Reputation: 984
I have crawled txt files from different website, now i need to glue them into one file. There are many lines are similar to each other from various websites. I want to remove repetitions. Here is what I have tried:
import difflib
sourcename = 'xiaoshanwujzw'
destname = 'bindresult'
sourcefile = open('%s.txt' % sourcename)
sourcelines = sourcefile.readlines()
sourcefile.close()
for sourceline in sourcelines:
destfile = open('%s.txt' % destname, 'a+')
destlines = destfile.readlines()
similar = False
for destline in destlines:
ratio = difflib.SequenceMatcher(None, destline, sourceline).ratio()
if ratio > 0.8:
print destline
print sourceline
similar = True
if not similar:
destfile.write(sourceline)
destfile.close()
I will run it for every source, and write line by line to the same file. The result is, even if i run it for the same file multiple times, the line is always appended to the destination file.
EDIT: I have tried the code of the answer. It's still very slow. Even If I minimize the IO, I still need to compare O(n^2), especially when you have 1000+ lines. I have average 10,000 lines per file.

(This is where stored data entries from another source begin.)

(* Let $S$ be a numerical semigroup, let $u\in\mathrm U(\mathrm{Betti}(S))$ and $\Lambda=\{b\in\mathrm{Betti}(S): b\le_S u\}$. Then for every $s\in S$ and every $z\in\mathrm B(s;\Lambda)$ there exist $w\in\mathrm I_s(S)$ and $x_1,\dots,x_t\in\mathrm I(\Lambda)$ with $z=w+x_1+\cdots+x_t$, and $w$ together with the multiset $\{x_1,\dots,x_t\}$ is uniquely determined by $z$. Moreover, for every $s\in S$, $$|\mathrm B(s;\Lambda)|=\sum_{j=0}^{q_s}|\mathrm B(s-ju;\Lambda\setminus\{u\})|\binom{\mathrm i(u)+j-1}{j},$$ where $q_s$ is the largest integer with $q_su\le_S s$.
   Context: A numerical semigroup $S$ is a submonoid of $(\mathbb N,+)$ with finite complement, minimally generated by $\{n_1,\dots,n_e\}$. Write $a\le_S b$ if $b-a\in S$. Let $\varphi:\mathbb N^e\to S$, $\varphi(a)=\sum_ia_in_i$; $\mathrm Z(s)=\varphi^{-1}(s)$. $\nabla_s$ is the graph on $\mathrm Z(s)$ with distinct $x,y$ adjacent iff $x\cdot y\ne0$; $s$ is a Betti element if $\nabla_s$ is disconnected; $\mathrm{Betti}(S)$ is the set of Betti elements. For a poset $(X,\le)$, $\mathrm U(X)=\{x\in X: \{y\in X:y\le x\}\text{ is totally ordered}\}$; here $X=(\mathrm{Betti}(S),\le_S)$. A factorization $z\in\mathrm Z(s)$ is isolated if $z\cdot x=0$ for all $x\in\mathrm Z(s)\setminus\{z\}$; $\mathrm I(t)$ is the set of isolated factorizations of $t$, $\mathrm i(t)=|\mathrm I(t)|$, and $\mathrm I(\Lambda)=\bigcup_{t\in\Lambda}\mathrm I(t)$. $\mathrm I_s(S)$ is the set of $z\in\mathbb N^e$ such that $\varphi(z)$ has exactly one factorization. For $\Lambda\subseteq S$ and $s\in S$, $\mathrm B(s;\Lambda)=\{w+x_1+\cdots+x_l\in\mathrm Z(s): w\in\mathrm I_s(S),\ l\ge0,\ x_1,\dots,x_l\in\mathrm I(\Lambda)\}$ (with $\mathrm I(\emptyset)=\emptyset$). *)

theory Defs
  imports Main "HOL-Library.Multiset"
begin

text \<open>Numerical semigroups. A factorization (element of N^e) is represented as a
function z :: nat => nat indexed by the minimal generators themselves, vanishing
outside the minimal generating set.\<close>

definition numerical_semigroup :: "nat set \<Rightarrow> bool" where
  "numerical_semigroup S \<longleftrightarrow> 0 \<in> S \<and> (\<forall>a\<in>S. \<forall>b\<in>S. a + b \<in> S) \<and> finite (UNIV - S)"

definition mingens :: "nat set \<Rightarrow> nat set" where
  "mingens S = {g \<in> S. g \<noteq> 0 \<and>
     \<not> (\<exists>a\<in>S. \<exists>b\<in>S. a \<noteq> 0 \<and> b \<noteq> 0 \<and> g = a + b)}"

definition vecs :: "nat set \<Rightarrow> (nat \<Rightarrow> nat) set" where
  "vecs S = {z. \<forall>g. g \<notin> mingens S \<longrightarrow> z g = 0}"

definition phi :: "nat set \<Rightarrow> (nat \<Rightarrow> nat) \<Rightarrow> nat" where
  "phi S z = (\<Sum>g\<in>mingens S. z g * g)"

definition Z :: "nat set \<Rightarrow> nat \<Rightarrow> (nat \<Rightarrow> nat) set" where
  "Z S s = {z \<in> vecs S. phi S z = s}"

definition dot :: "nat set \<Rightarrow> (nat \<Rightarrow> nat) \<Rightarrow> (nat \<Rightarrow> nat) \<Rightarrow> nat" where
  "dot S x y = (\<Sum>g\<in>mingens S. x g * y g)"

definition nabla_edges :: "nat set \<Rightarrow> nat \<Rightarrow> ((nat \<Rightarrow> nat) \<times> (nat \<Rightarrow> nat)) set" where
  "nabla_edges S s = {(x, y). x \<in> Z S s \<and> y \<in> Z S s \<and> x \<noteq> y \<and> dot S x y \<noteq> 0}"

definition nabla_connected :: "nat set \<Rightarrow> nat \<Rightarrow> bool" where
  "nabla_connected S s \<longleftrightarrow> (\<forall>x\<in>Z S s. \<forall>y\<in>Z S s. (x, y) \<in> (nabla_edges S s)\<^sup>*)"

definition Betti :: "nat set \<Rightarrow> nat set" where
  "Betti S = {s \<in> S. \<not> nabla_connected S s}"

definition leS :: "nat set \<Rightarrow> nat \<Rightarrow> nat \<Rightarrow> bool" where
  "leS S a b \<longleftrightarrow> a \<le> b \<and> b - a \<in> S"

definition U_Betti :: "nat set \<Rightarrow> nat set" where
  "U_Betti S = {x \<in> Betti S. \<forall>y\<in>Betti S. \<forall>y'\<in>Betti S.
      leS S y x \<longrightarrow> leS S y' x \<longrightarrow> leS S y y' \<or> leS S y' y}"

definition isolated :: "nat set \<Rightarrow> nat \<Rightarrow> (nat \<Rightarrow> nat) \<Rightarrow> bool" where
  "isolated S t z \<longleftrightarrow> z \<in> Z S t \<and> (\<forall>x \<in> Z S t - {z}. dot S z x = 0)"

Any other ways to remove the duplicates?
Upvotes: 1
Views: 154
Reputation: 25039
Here is a short version that does minimal IO and cleans up after itself.
import difflib
sourcename = 'xiaoshanwujzw'
destname = 'bindresult'
with open('%s.txt' % destname, 'w+') as destfile:
# we read in the file so that on subsequent runs of this script, we
# won't duplicate the lines.
known_lines = set(destfile.readlines())
with open('%s.txt' % sourcename) as sourcefile:
for line in sourcefile:
similar = False
for known in known_lines:
ratio = difflib.SequenceMatcher(None, line, known).ratio()
if ratio > 0.8:
print ratio
print line
print known
similar = True
break
if not similar:
destfile.write(line)
known_lines.add(line)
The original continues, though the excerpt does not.